In operation, the asynchronous traversal engine 504 performs node intersection test 804(1), which determines that geometry of a leaf node for work-item 2 802(2) triggers an any hit execution. The asynchronous traversal engine 504 provides the shader context for that any hit execution to the shader deferral 702, instead of causing the ray tracing shader 502 to execute that any hit shader immediately. The asynchronous traversal engine 504 also performs node intersection test 804(2), which determines that geometry of a leaf node for work-item 4 802(4) triggers an any hit execution, and provides context 2 to shader deferral 702. As part of the node intersection test 804(2), a deferred shader execution trigger occurs, and thus shader deferral 702 causes the ray tracing shader 502 to execute any hit shader 806(1) and any hit shader 806(2) based on context 1 and context 2. Subsequently, similar operations occur, with the asynchronous traversal engine 504 performing node intersection test 804(3) and intersection test 804(4), resulting in context 3 and context 4 being transmitted to shader deferral 702 for work-item 3 802(3) and work-item 2 802(2), respectively, and subsequent execution of any hit shader 806(3) and 806(4) together, based on the contexts and in response to a deferred shader execution trigger. Similar operations occur for node intersection test 804(5) and node intersection test 804(6), resulting in execution of any hit shader 806(5) and any hit shader 806(6) together.

As can be seen, the deferral of any hit shaders execution for a period of time allows accumulation of such executions for execution together where possible (e.g., when the same any hit shader is to be executed for different rays/work-items). This in turn results in a shorter total execution time as the amount of divergence that occurs during any hit shader execution is reduced where multiple work-items 802 perform such execution in parallel.

It should be noted that storing the any hit shader contexts allow the asynchronous traversal engine 504 to continue traversal of a ray after a candidate hit has been found for that ray. This possibility allows for overlapping of onward traversal of the BVH with buffering the candidate hit (i.e., storage of the any hit shader context) and execution of the any hit shader itself. These features also allow for the possibility of culling the shader context before running an any hit shader for that context. Overlapping onward traversal of the BVH with execution of the any hit shader allows for culling an accepted hit after the any hit shader is executed if it subsequently discovered through traversal of the BVH that the confirmed candidate hit is behind a different opaque object.

In addition to reducing divergence by deferring execution and subsequently grouping together any hit shader contexts, the shader deferral 702 also is able to cull shader contexts in response to a shader context cull trigger. In some examples, an opaque triangle hit that is closer to the origin of the ray eliminates the possibility that any other triangle farther from the origin will be a closest hit. In this situation, where any hit shaders are not otherwise needed, an any hit shader for a farther hit from the origin of the ray would not matter once it is determined that a hit occurred closer to the origin. Thus, in some situations, shader deferral 702 culls any hit shader contexts in the event that a confirmed hit occurs for a closer primitive.

More specifically, as described elsewhere herein, a shader context stores a time to intersection.
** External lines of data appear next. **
(* Let $G=(V,E)$ be a connected graph and let $\Gamma(G)=\{G_\pi:\ \pi:E\to\{\pm1\},\ \rho(G_\pi)<\rho(G)\}$. Then $\Gamma(G)$ is empty if and only if $G$ is a tree or a unicyclic graph whose unique cycle has odd length.
   Context: All graphs are finite, simple and undirected. A signed graph $G_\pi$ is a pair $(G,\pi)$ with $\pi:E\to\{+1,-1\}$; its adjacency matrix has entry $\pi(\{i,j\})$ for adjacent $i,j$ and $0$ otherwise, and its eigenvalues are those of this symmetric matrix. $\rho(G_\pi)$ denotes the largest modulus of an eigenvalue of $G_\pi$, and $\rho(G)$ the spectral radius of the adjacency matrix of $G$. *)

theory Defs
  imports "HOL-Analysis.Analysis"
begin

definition simple_graph :: "('n \<Rightarrow> 'n \<Rightarrow> bool) \<Rightarrow> bool" where
  "simple_graph adj \<longleftrightarrow> (\<forall>i j. adj i j \<longrightarrow> adj j i) \<and> (\<forall>i. \<not> adj i i)"

definition graph_connected :: "('n \<Rightarrow> 'n \<Rightarrow> bool) \<Rightarrow> bool" where
  "graph_connected adj \<longleftrightarrow> (\<forall>u v. adj\<^sup>*\<^sup>* u v)"

definition graph_edges :: "('n \<Rightarrow> 'n \<Rightarrow> bool) \<Rightarrow> 'n set set" where
  "graph_edges adj = {{i, j} | i j. adj i j}"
This time to intersection represents the distance from the origin of the ray to the intersection point. When a confirmed hit occurs at a time to intersection that is closer to the origin than that for any stored shader context, the shader deferral 702 discards the shader contexts for candidate hits that are farther from the origin than the confirmed hit. In various examples, the confirmed hit occurs either as a result of the asynchronous traversal engine 504 determining that a hit occurs for opaque geometry or as a result of an any hit shader confirming a candidate hit for non-opaque geometry. In some examples, the above culling is disabled to meet an application programming interface determinism requirement. Specifically, in some situations, an application programming interface determinism requirement requires that shaders are executed in a deterministic order. In this case, it is not possible to cull shader executions. Thus, in the situation where a switch to turn such function off is enabled, such culling does not occur.
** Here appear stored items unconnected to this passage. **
(* Let $k\ge0$ and let $L$ be a language of pomsets of dimension at most $k$ all having empty source interface. If $L$ is recognizable (there exist a finite category $\mathcal D$, $K\subseteq\mathrm{Mor}(\mathcal D)$ and a functor $F:\mathrm{iiPoms}\to\mathcal D$ with $L=F^{-1}(K)$), then $L$ has a finite coherent presentation, i.e. there exist a finite $\mathrm{iiPoms}_{\le k}$-module $M$, a subset $J\subseteq M$ and a module homomorphism $\varphi:\mathrm{iiPoms}_{\le k}\to M$ with $L=\varphi^{-1}(J)$ such that for every conclist $U$ and all $P,Q\in\mathrm{iiPoms}_{\le k}(\emptyset,U)$: if $\varphi(P)=\varphi(Q)$ then $\varphi(P-A)=\varphi(Q-A)$ for all $A\subseteq U$.
   Context: Fix a finite alphabet $\Sigma$. Pomsets $(P,<,\dashrightarrow,\lambda,S,T)$: $P$ finite, $<$ a strict partial interval order, $\dashrightarrow$ acyclic relating (in one direction) distinct $<$-incomparable elements, $\lambda:P\to\Sigma$, $S$/$T$ sets of $<$-minimal/maximal elements viewed as conclists (finite totally ordered labelled sets); up to isomorphism. $\mathrm{iiPoms}$: category with objects conclists, morphisms $U\to V$ pomsets with source $U$ and target $V$, composition the gluing $P*Q$ (identify $T_P$ with $S_Q$; precedence $<_P\cup<_Q\cup(P\setminus T_P)\times(Q\setminus S_Q)$; event orders, labels united; source $S_P$, target $T_Q$), identities $\mathrm{id}_U=(U,\emptyset,\dashrightarrow,\lambda,U,U)$; $\mathrm{iiPoms}_{\le k}$: pomsets whose $<$-antichains have size $\le k$. For a pomset $P$ and $A\subseteq P$, $P-A$ is the subpomset induced on $P\setminus A$ (restricted relations, labels and interfaces). A $\mathcal C$-module is a set $M$ with $\mathrm{src},\mathrm{tgt}:M\to\mathrm{Ob}(\mathcal C)$ and actions $M(U,V)\times\mathcal C(V,W)\to M(U,W)$ ($M(U,V)=\mathrm{src}^{-1}(U)\cap\mathrm{tgt}^{-1}(V)$), $m\cdot\alpha$, with $m\cdot\mathrm{id}=m$, $(m\cdot\alpha)\cdot\beta=m\cdot(\alpha\beta)$ (diagrammatic composition); homomorphisms preserve $\mathrm{src},\mathrm{tgt}$ and commute with the action; $\mathrm{iiPoms}_{\le k}$ is a module over itself via gluing. *)

theory Defs
  imports Main
begin

text \<open>A concrete pomset: events, precedence <, event order (dashed arrow), labelling,
  source interface S, target interface T. The category iiPoms has as morphisms
  isomorphism classes of these; all notions below are isomorphism-invariant or are
  required to be so explicitly.\<close>

record 'a pom =
  ev   :: "nat set"
  prec :: "(nat \<times> nat) set"
  eord :: "(nat \<times> nat) set"
  lab  :: "nat \<Rightarrow> 'a"
  srcI :: "nat set"
  tgtI :: "nat set"

definition wf_pom :: "'a pom \<Rightarrow> bool" where
  "wf_pom P \<longleftrightarrow>
     finite (ev P)
   \<and> prec P \<subseteq> ev P \<times> ev P \<and> irrefl (prec P) \<and> trans (prec P)
   \<and> (\<forall>w x y z. (w,x) \<in> prec P \<and> (y,z) \<in> prec P \<longrightarrow> (w,z) \<in> prec P \<or> (y,x) \<in> prec P)
   \<and> eord P \<subseteq> ev P \<times> ev P \<and> acyclic (eord P)
   \<and> (\<forall>x y. (x,y) \<in> eord P \<longrightarrow> (x,y) \<notin> prec P \<and> (y,x) \<notin> prec P)
   \<and> (\<forall>x\<in>ev P. \<forall>y\<in>ev P. x \<noteq> y \<and> (x,y) \<notin> prec P \<and> (y,x) \<notin> prec P
        \<longrightarrow> (x,y) \<in> eord P \<or> (y,x) \<in> eord P)
   \<and> srcI P \<subseteq> ev P \<and> (\<forall>x\<in>srcI P. \<forall>y. (y,x) \<notin> prec P)
   \<and> tgtI P \<subseteq> ev P \<and> (\<forall>x\<in>tgtI P. \<forall>y. (x,y) \<notin> prec P)"

definition antichain :: "'a pom \<Rightarrow> nat set \<Rightarrow> bool" where
  "antichain P A \<longleftrightarrow> A \<subseteq> ev P \<and> (\<forall>x\<in>A. \<forall>y\<in>A. (x,y) \<notin> prec P)"

definition dim_le :: "nat \<Rightarrow> 'a pom \<Rightarrow> bool" where
  "dim_le k P \<longleftrightarrow> (\<forall>A. antichain P A \<longrightarrow> card A \<le> k)"

definition iiP :: "nat \<Rightarrow> 'a pom \<Rightarrow> bool" where
  "iiP k P \<longleftrightarrow> wf_pom P \<and> dim_le k P"

text \<open>A set of events viewed as a conclist: the list of its elements in event order,
  and the corresponding word of labels (conclists up to isomorphism = words).\<close>
definition clist :: "'a pom \<Rightarrow> nat set \<Rightarrow> nat list" where
  "clist P A = (THE xs. distinct xs \<and> set xs = A \<and> sorted_wrt (\<lambda>x y. (x,y) \<in> eord P) xs)"

definition cword :: "'a pom \<Rightarrow> nat set \<Rightarrow> 'a list" where
  "cword P A = map (lab P) (clist P A)"

definition s_word :: "'a pom \<Rightarrow> 'a list" where
  "s_word P = cword P (srcI P)"

definition t_word :: "'a pom \<Rightarrow> 'a list" where
  "t_word P = cword P (tgtI P)"

definition tnth :: "'a pom \<Rightarrow> nat \<Rightarrow> nat" where
  "tnth P i = clist P (tgtI P) ! i"

definition pom_iso :: "'a pom \<Rightarrow> 'a pom \<Rightarrow> bool" where
  "pom_iso P Q \<longleftrightarrow> (\<exists>f. bij_betw f (ev P) (ev Q)
     \<and> (\<forall>x\<in>ev P. \<forall>y\<in>ev P. ((x,y) \<in> prec P \<longleftrightarrow> (f x, f y) \<in> prec Q)
                        \<and> ((x,y) \<in> eord P \<longleftrightarrow> (f x, f y) \<in> eord Q))
     \<and> (\<forall>x\<in>ev P. lab Q (f x) = lab P x)
     \<and> f ` srcI P = srcI Q \<and> f ` tgtI P = tgtI Q)"

text \<open>Gluing: R is (a representative of) P * Q. P embeds via f, Q via g; the images
  overlap exactly in the identified interfaces T_P = S_Q, identified by an
  event-order and label preserving bijection.\<close>
definition glue :: "'a pom \<Rightarrow> 'a pom \<Rightarrow> 'a pom \<Rightarrow> bool" where
  "glue P Q R \<longleftrightarrow> (\<exists>f g.
       inj_on f (ev P) \<and> inj_on g (ev Q)
     \<and> ev R = f ` ev P \<union> g ` ev Q
     \<and> f ` ev P \<inter> g ` ev Q = f ` tgtI P
     \<and> f ` ev P \<inter> g ` ev Q = g ` srcI Q
     \<and> (\<forall>x\<in>tgtI P. \<forall>x'\<in>tgtI P. \<forall>y\<in>srcI Q. \<forall>y'\<in>srcI Q.
           f x = g y \<longrightarrow> f x' = g y' \<longrightarrow> ((x,x') \<in> eord P \<longleftrightarrow> (y,y') \<in> eord Q))
     \<and> (\<forall>x\<in>ev P. lab R (f x) = lab P x)
     \<and> (\<forall>y\<in>ev Q. lab R (g y) = lab Q y)
     \<and> prec R = map_prod f f ` prec P \<union> map_prod g g ` prec Q
                 \<union> (f ` (ev P - tgtI P)) \<times> (g ` (ev Q - srcI Q))
     \<and> eord R = map_prod f f ` eord P \<union> map_prod g g ` eord Q
     \<and> srcI R = f ` srcI P \<and> tgtI R = g ` tgtI Q)"

definition idp :: "'a list \<Rightarrow> 'a pom" where
  "idp U = \<lparr>ev = {..<length U}, prec = {}, eord = {(i,j). i < j \<and> j < length U},
            lab = (\<lambda>i. U ! i), srcI = {..<length U}, tgtI = {..<length U}\<rparr>"

definition pminus :: "'a pom \<Rightarrow> nat set \<Rightarrow> 'a pom" where
  "pminus P A = \<lparr>ev = ev P - A,
                  prec = prec P \<inter> ((ev P - A) \<times> (ev P - A)),
                  eord = eord P \<inter> ((ev P - A) \<times> (ev P - A)),
                  lab = lab P, srcI = srcI P - A, tgtI = tgtI P - A\<rparr>"

text \<open>Composition is diagrammatic: dcomp f g = "first f then g".\<close>
record ('o, 'm) cat =
  dObj :: "'o set"
  dMor :: "'m set"
  ddom :: "'m \<Rightarrow> 'o"
  dcod :: "'m \<Rightarrow> 'o"
  dcomp :: "'m \<Rightarrow> 'm \<Rightarrow> 'm"
  did :: "'o \<Rightarrow> 'm"

definition category :: "('o, 'm) cat \<Rightarrow> bool" where
  "category D \<longleftrightarrow>
     (\<forall>f\<in>dMor D. ddom D f \<in> dObj D \<and> dcod D f \<in> dObj D)
   \<and> (\<forall>a\<in>dObj D. did D a \<in> dMor D \<and> ddom D (did D a) = a \<and> dcod D (did D a) = a)
   \<and> (\<forall>f\<in>dMor D. \<forall>g\<in>dMor D. dcod D f = ddom D g \<longrightarrow>
        dcomp D f g \<in> dMor D \<and> ddom D (dcomp D f g) = ddom D f \<and> dcod D (dcomp D f g) = dcod D g)
   \<and> (\<forall>f\<in>dMor D. dcomp D (did D (ddom D f)) f = f \<and> dcomp D f (did D (dcod D f)) = f)
   \<and> (\<forall>f\<in>dMor D. \<forall>g\<in>dMor D. \<forall>h\<in>dMor D. dcod D f = ddom D g \<longrightarrow> dcod D g = ddom D h \<longrightarrow>
        dcomp D (dcomp D f g) h = dcomp D f (dcomp D g h))"

definition finite_category :: "('o, 'm) cat \<Rightarrow> bool" where
  "finite_category D \<longleftrightarrow> category D \<and> finite (dObj D) \<and> finite (dMor D)"

text \<open>A functor iiPoms -> D: objects of iiPoms are conclists (words), morphisms are
  isomorphism classes of pomsets; Fm is required to be isomorphism-invariant.\<close>
definition iiPoms_functor :: "('o, 'm) cat \<Rightarrow> ('a list \<Rightarrow> 'o) \<Rightarrow> ('a pom \<Rightarrow> 'm) \<Rightarrow> bool" where
  "iiPoms_functor D Fo Fm \<longleftrightarrow>
     (\<forall>U. Fo U \<in> dObj D)
   \<and> (\<forall>P. wf_pom P \<longrightarrow> Fm P \<in> dMor D \<and> ddom D (Fm P) = Fo (s_word P) \<and> dcod D (Fm P) = Fo (t_word P))
   \<and> (\<forall>P Q. wf_pom P \<and> wf_pom Q \<and> pom_iso P Q \<longrightarrow> Fm P = Fm Q)
   \<and> (\<forall>U. Fm (idp U) = did D (Fo U))
   \<and> (\<forall>P Q R. wf_pom P \<and> wf_pom Q \<and> wf_pom R \<and> glue P Q R \<longrightarrow> Fm R = dcomp D (Fm P) (Fm Q))"

text \<open>Objects of iiPoms_{<=k}: conclists of size at most k.\<close>
definition iiPoms_module ::
  "nat \<Rightarrow> 'b set \<Rightarrow> ('b \<Rightarrow> 'a list) \<Rightarrow> ('b \<Rightarrow> 'a list) \<Rightarrow> ('b \<Rightarrow> 'a pom \<Rightarrow> 'b) \<Rightarrow> bool" where
  "iiPoms_module k M msrc mtgt act \<longleftrightarrow>
     (\<forall>m\<in>M. length (msrc m) \<le> k \<and> length (mtgt m) \<le> k)
   \<and> (\<forall>m\<in>M. \<forall>\<alpha>. iiP k \<alpha> \<and> s_word \<alpha> = mtgt m \<longrightarrow>
        act m \<alpha> \<in> M \<and> msrc (act m \<alpha>) = msrc m \<and> mtgt (act m \<alpha>) = t_word \<alpha>)
   \<and> (\<forall>m\<in>M. \<forall>\<alpha> \<beta>. iiP k \<alpha> \<and> iiP k \<beta> \<and> s_word \<alpha> = mtgt m \<and> pom_iso \<alpha> \<beta> \<longrightarrow> act m \<alpha> = act m \<beta>)
   \<and> (\<forall>m\<in>M. act m (idp (mtgt m)) = m)
   \<and> (\<forall>m\<in>M. \<forall>\<alpha> \<beta> \<gamma>. iiP k \<alpha> \<and> iiP k \<beta> \<and> iiP k \<gamma> \<and> s_word \<alpha> = mtgt m \<and> s_word \<beta> = t_word \<alpha>
        \<and> glue \<alpha> \<beta> \<gamma> \<longrightarrow> act (act m \<alpha>) \<beta> = act m \<gamma>)"

text \<open>Module homomorphism from iiPoms_{<=k} (acting on itself by gluing) into M.\<close>
definition iiPoms_module_hom ::
  "nat \<Rightarrow> 'b set \<Rightarrow> ('b \<Rightarrow> 'a list) \<Rightarrow> ('b \<Rightarrow> 'a list) \<Rightarrow> ('b \<Rightarrow> 'a pom \<Rightarrow> 'b) \<Rightarrow> ('a pom \<Rightarrow> 'b) \<Rightarrow> bool" where
  "iiPoms_module_hom k M msrc mtgt act \<phi> \<longleftrightarrow>
     (\<forall>P. iiP k P \<longrightarrow> \<phi> P \<in> M \<and> msrc (\<phi> P) = s_word P \<and> mtgt (\<phi> P) = t_word P)
   \<and> (\<forall>P Q. iiP k P \<and> iiP k Q \<and> pom_iso P Q \<longrightarrow> \<phi> P = \<phi> Q)
   \<and> (\<forall>P \<alpha> R. iiP k P \<and> iiP k \<alpha> \<and> iiP k R \<and> s_word \<alpha> = t_word P \<and> glue P \<alpha> R
        \<longrightarrow> \<phi> R = act (\<phi> P) \<alpha>)"

end

theory Submission
  imports Defs "HOL-Library.FuncSet"
begin

text \<open>The profile of a pomset \<open>P\<close> records its interfaces and, for every set \<open>I\<close> of
  target positions, the morphism \<open>F (P - T\<^sub>P[I])\<close>. Removing target events from a gluing
  \<open>P * \<alpha>\<close> removes from \<open>P\<close> exactly the target events glued to them, so
  \<open>(P * \<alpha>) - Y = (P - X) * (\<alpha> - Y)\<close> and, \<open>F\<close> being a functor, the profile of \<open>P * \<alpha>\<close>
  is computed from the profile of \<open>P\<close> and from \<open>\<alpha>\<close> alone. Hence profiles form a module over
  \<open>iiPoms\<^sub>\<le>\<^sub>k\<close> on which the profile map is a homomorphism. There are finitely many
  profiles because the alphabet, the interface lengths and \<open>D\<close> are finite; \<open>L\<close> is read
  off at \<open>I = {}\<close>, and the profile of \<open>P - T\<^sub>P[I]\<close> is determined by that of \<open>P\<close>,
  which is coherence.\<close>

section \<open>Lists and relations\<close>

lemma acyclic_asym: "acyclic r \<Longrightarrow> (x, y) \<in> r \<Longrightarrow> (y, x) \<notin> r"
  by (meson acyclic_def r_into_trancl' trancl_trans)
FIG. 9 illustrates an example operation for discarding an any hit shader context from a context memory 902 in response to a subsequent confirmed intersection (hit). The context memory 902 represents any memory within the APD 116 (e.g., LDS 137 or APD memory 139 or registers in the compute units 132) or in a different location, and is the location to which the asynchronous traversal engine 504 writes the shader contexts. As stated elsewhere herein, when a confirmed hit occurs for a particular ray, and the time to intersection (distance from origin of ray to intersection) is less than the time to intersection of a stored context for the same ray, the shader deferral 702 removes the stored context from the context memory 902. This removal prevents an any hit shader for the context from being executed. Such an any hit shader is not needed in the illustrated situation, because a confirmed intersection has occurred for a shorter distance than the distance for the context.
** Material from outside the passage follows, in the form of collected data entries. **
lemma add_step:
  assumes "Suc l \<le> t" and "taken l \<le> p" and "p < taken (Suc l)"
  shows "thr_step (optimum \<union> decoys) hard_fun k t (\<lambda>l. c l / real k) (Suc l, {..<p}) (Suc l, {..<Suc p})"
proof -
  have "p < taken t" using assms taken_mono[of "Suc l" t] by linarith
  then have "marg hard_fun {..<p} p = c (Suc l) / real k"
    using prefix_inter_optimum[of p] decoy_weight_eq[OF assms(2,3)] hard.marg_decoy[of p "{..<p}"]
    by (simp add: hard_fun_def decoys_def)
  moreover have "card {..<p} < k" using assms(3) taken_le_k[of "Suc l"] by simp
  ultimately have "thr_step (optimum \<union> decoys) hard_fun k t (\<lambda>l. c l / real k)
      (Suc l, {..<p}) (Suc l, insert p {..<p})"
    using assms(1) \<open>p < taken t\<close> by (intro thr_step.add) (auto simp: decoys_def)
  then show ?thesis by (simp add: lessThan_Suc)
qed

lemma advance_step:
  assumes "Suc l \<le> t"
  shows "thr_step (optimum \<union> decoys) hard_fun k t (\<lambda>l. c l / real k)
    (Suc l, {..<taken (Suc l)}) (Suc (Suc l), {..<taken (Suc l)})"
proof (rule thr_step.advance)
  let ?G = "{..<taken (Suc l)}"
  have taken_le: "taken (Suc l) \<le> taken t" using assms by (rule taken_mono)
  then have G_decoys: "?G \<subseteq> decoys" by (auto simp: decoys_def)
  show "\<not> (card ?G < k \<and> (\<exists>e\<in>optimum \<union> decoys - ?G. c (Suc l) / real k \<le> marg hard_fun ?G e))"
  proof
    assume "card ?G < k \<and> (\<exists>e\<in>optimum \<union> decoys - ?G. c (Suc l) / real k \<le> marg hard_fun ?G e)"
    then obtain e where budget: "taken (Suc l) < k" and e: "e \<in> optimum \<union> decoys" "e \<notin> ?G"
      and gain: "c (Suc l) / real k \<le> marg hard_fun ?G e" by auto
    have "marg hard_fun ?G e < c (Suc l) / real k"
    proof (cases "e \<in> optimum")
      case True
      have "sum decoy_weight (?G \<inter> decoys) = taken_weight (Suc l)"
        using G_decoys sum_decoy_weight[of "Suc l"] by (simp add: Int_absorb2)
      then show ?thesis using True e weight_blocks_phase[OF budget] k_ge_2
        by (simp add: hard_fun_def hard.marg_opt card_optimum divide_strict_right_mono)
    next
      case False
      then have "e \<in> decoys" using e by simp
      then have "marg hard_fun ?G e = decoy_weight e"
        using e prefix_inter_optimum[OF taken_le] hard.marg_decoy[of e ?G] by (simp add: hard_fun_def)
      also have "\<dots> < c (Suc l) / real k"
        using \<open>e \<in> decoys\<close> e later_decoys_lighter[OF budget, of e] by (simp add: decoys_def)
      finally show ?thesis .
    qed
    with gain show False by simp
  qed
qed (use assms in simp_all)

lemma execution_reaches_phase:
  assumes "l \<le> t"
  shows "(thr_step (optimum \<union> decoys) hard_fun k t (\<lambda>l. c l / real k))\<^sup>*\<^sup>* (1, {}) (Suc l, {..<taken l})"
proof -
  let ?R = "thr_step (optimum \<union> decoys) hard_fun k t (\<lambda>l. c l / real k)"
  have phase_run: "?R\<^sup>*\<^sup>* (Suc m, {..<taken m}) (Suc (Suc m), {..<taken (Suc m)})" if "m < l" for m
  proof -
    have "?R\<^sup>*\<^sup>* (Suc m, {..<taken m}) (Suc m, {..<taken (Suc m)})"
      using that assms add_step[of m] taken_mono[of m "Suc m"]
      by (intro rtranclp_chain[where s = "\<lambda>p. (Suc m, {..<p})"]) simp_all
    then show ?thesis
      using advance_step[of m] that assms by (simp add: rtranclp.rtrancl_into_rtrancl)
  qed
  have "?R\<^sup>*\<^sup>*\<^sup>*\<^sup>* (Suc 0, {..<taken 0}) (Suc l, {..<taken l})"
    by (rule rtranclp_chain[where s = "\<lambda>m. (Suc m, {..<taken m})"]) (simp_all add: phase_run)
  then show ?thesis by simp
qed

lemma hard_instance:
  obtains V :: "nat set" and f :: "nat set \<Rightarrow> real" and G
  where "finite V" "nonneg_set_fun V f" "monotone_sf V f" "submodular V f" "opt_val V f k = 1"
    "thr_output V f k t (\<lambda>l. c l / real k) G"
    "f G \<le> 1 - 1 / (1 + real k / ((real k - 1) * t)) ^ t"
proof (rule that)
  show "finite (optimum \<union> decoys)" using hard.finite_P hard.finite_D by simp
  show "nonneg_set_fun (optimum \<union> decoys) hard_fun" "monotone_sf (optimum \<union> decoys) hard_fun"
    "submodular (optimum \<union> decoys) hard_fun"
    unfolding hard_fun_def by (rule hard.nonneg hard.monotone hard.submodular)+
  show "opt_val (optimum \<union> decoys) hard_fun k = 1"
    using hard.opt_val_eq_1 by (simp add: hard_fun_def card_optimum)
  show "thr_output (optimum \<union> decoys) hard_fun k t (\<lambda>l. c l / real k) decoys"
    using execution_reaches_phase[of t] by (simp add: thr_output_def decoys_def)
  have "hard_fun decoys = taken_weight t"
    using prefix_inter_optimum[of "taken t"] sum_decoy_weight[of t]
    by (simp add: hard_fun_def decoy_fun_def decoys_def)
  then show "hard_fun decoys \<le> 1 - 1 / (1 + real k / ((real k - 1) * t)) ^ t"
    using taken_weight_bound by simp
qed

end

lemma antitone_ge_last:
  fixes c :: "nat \<Rightarrow> real"
  assumes "\<forall>l. 1 \<le> l \<and> l < t \<longrightarrow> c (Suc l) \<le> c l" and "1 \<le> l" and "l \<le> t"
  shows "c t \<le> c l"
  using assms(3,2)
proof (induction l rule: inc_induct)
  case (step l)
  then show ?case using assms(1) by force
qed simp

lemma output_bound_limit:
  assumes "1 \<le> t"
  shows "(\<lambda>k. 1 - 1 / (1 + real k / ((real k - 1) * t)) ^ t) \<longlonglongrightarrow> 1 - (1 - 1 / real (t + 1)) ^ t"
proof -
  have "(\<lambda>k. real k / (real k - 1)) \<longlonglongrightarrow> 1" by real_asymp
  then have "(\<lambda>k. 1 - 1 / (1 + real k / (real k - 1) / t) ^ t) \<longlonglongrightarrow> 1 - 1 / (1 + 1 / t) ^ t"
    using assms by (intro tendsto_intros) (auto simp: add_nonneg_eq_0_iff)
  moreover have "1 / (1 + 1 / real t) ^ t = (1 - 1 / real (t + 1)) ^ t"
    unfolding power_one_over using assms by (simp add: field_simps)
  ultimately show ?thesis by simp
qed

theorem theorem4:
  fixes t :: nat and \<epsilon> :: real
  assumes "t \<ge> 1" and "\<epsilon> > 0"
  shows "\<exists>k0::nat. \<forall>k\<ge>k0. \<forall>c :: nat \<Rightarrow> real.
     (\<forall>l. 1 \<le> l \<and> l < t \<longrightarrow> c (Suc l) \<le> c l) \<and> c t > 0 \<longrightarrow>
     (\<exists>(V :: nat set) (f :: nat set \<Rightarrow> real).
        finite V \<and> nonneg_set_fun V f \<and> monotone_sf V f \<and> submodular V f \<and>
        opt_val V f k > 0 \<and>
        (\<exists>G. thr_output V f k t (\<lambda>l. c l * opt_val V f k / real k) G \<and>
             f G \<le> (1 - (1 - 1 / real (t + 1)) ^ t + \<epsilon>) * opt_val V f k))"
proof -
  obtain K where K: "\<And>k. K \<le> k \<Longrightarrow>
      1 - 1 / (1 + real k / ((real k - 1) * t)) ^ t < 1 - (1 - 1 / real (t + 1)) ^ t + \<epsilon>"
    using order_tendstoD(2)[OF output_bound_limit[OF assms(1)]] assms(2)
    unfolding eventually_sequentially by (metis less_add_same_cancel1)
  show ?thesis
  proof (intro exI[of _ "max 2 K"] allI impI)
    fix k :: nat and c :: "nat \<Rightarrow> real"
    assume k: "max 2 K \<le> k" and c: "(\<forall>l. 1 \<le> l \<and> l < t \<longrightarrow> c (Suc l) \<le> c l) \<and> 0 < c t"
    interpret threshold_schedule c k t
      using k c antitone_ge_last[of t c] by unfold_locales force+
    obtain V :: "nat set" and f G
      where "finite V" "nonneg_set_fun V f" "monotone_sf V f" "submodular V f" "opt_val V f k = 1" "thr_output V f k t (\<lambda>l. c l / real k) G"
      "f G \<le> 1 - 1 / (1 + real k / ((real k - 1) * t)) ^ t"
      by (rule hard_instance)
    with K[of k] k show "\<exists>(V :: nat set) f. finite V \<and> nonneg_set_fun V f \<and> monotone_sf V f \<and>
        submodular V f \<and> opt_val V f k > 0 \<and>
        (\<exists>G. thr_output V f k t (\<lambda>l. c l * opt_val V f k / real k) G \<and>
             f G \<le> (1 - (1 - 1 / real (t + 1)) ^ t + \<epsilon>) * opt_val V f k)"
      by (intro exI[of _ V] exI[of _ f]) auto
  qed
qed

end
In FIG. 9, context 1 resides in context memory 902. Context 1 is for ray 1 and specifies that intersection occurs at distance t=50. While the context is in context memory 902, a confirmed intersection occurs for ray 1 with distance t=40. This confirmed intersection is either a hit detected by the asynchronous traversal engine 504 for an opaque triangle or is a candidate hit which was confirmed by its own any hit shader. Regarding context 2, this context is not discarded because this context is, itself, closer to the origin of the ray than the confirmed intersection. Regarding context 3, this context is for a different ray and thus is not discarded.

It should be understood that not all modes of operation are modes in which a confirmed intersection closer than a candidate intersection means that the candidate intersection should be eliminated. However, in modes of operation in which such candidate intersection should be eliminated, operations for such elimination (as described elsewhere herein) are performed. In some examples, it is desirable to execute an any hit shader for all hits for a ray against leaf node geometry, in which case any hit shader contexts are not discarded as described in FIG. 9 and elsewhere herein.

FIG. 10 is a flow diagram of a method 1000 for performing ray tracing, according to an example. Although described with respect to the system of FIGS. 1-9, those of skill in the art will recognize that any system configured to perform the steps of the method 1000 in any technically feasible order falls within the scope of the present disclosure.

At step 1002, an asynchronous traversal engine 504 detects intersection of a ray with non-opaque leaf node geometry. Intersection with non-opaque geometry indicates that an any hit shader is to be executed in order to determine whether to accept or reject that intersection. There are a variety of reasons why a candidate hit on non-opaque geometry needs additional confirmation of an actual hit, and an any hit shader can define any particular technique for such confirmation. In a non-limiting example, stencil data is used to define the outline of a shape that only roughly corresponds to a triangle. In such an example, intersection with the triangle requires further consideration by an any hit shader which tests the location of the intersection against the stencil data to determine whether the geometry corresponding to the stencil data is opaque or non-opaque at that point. Although this particular technique is described, any technique can alternatively be used.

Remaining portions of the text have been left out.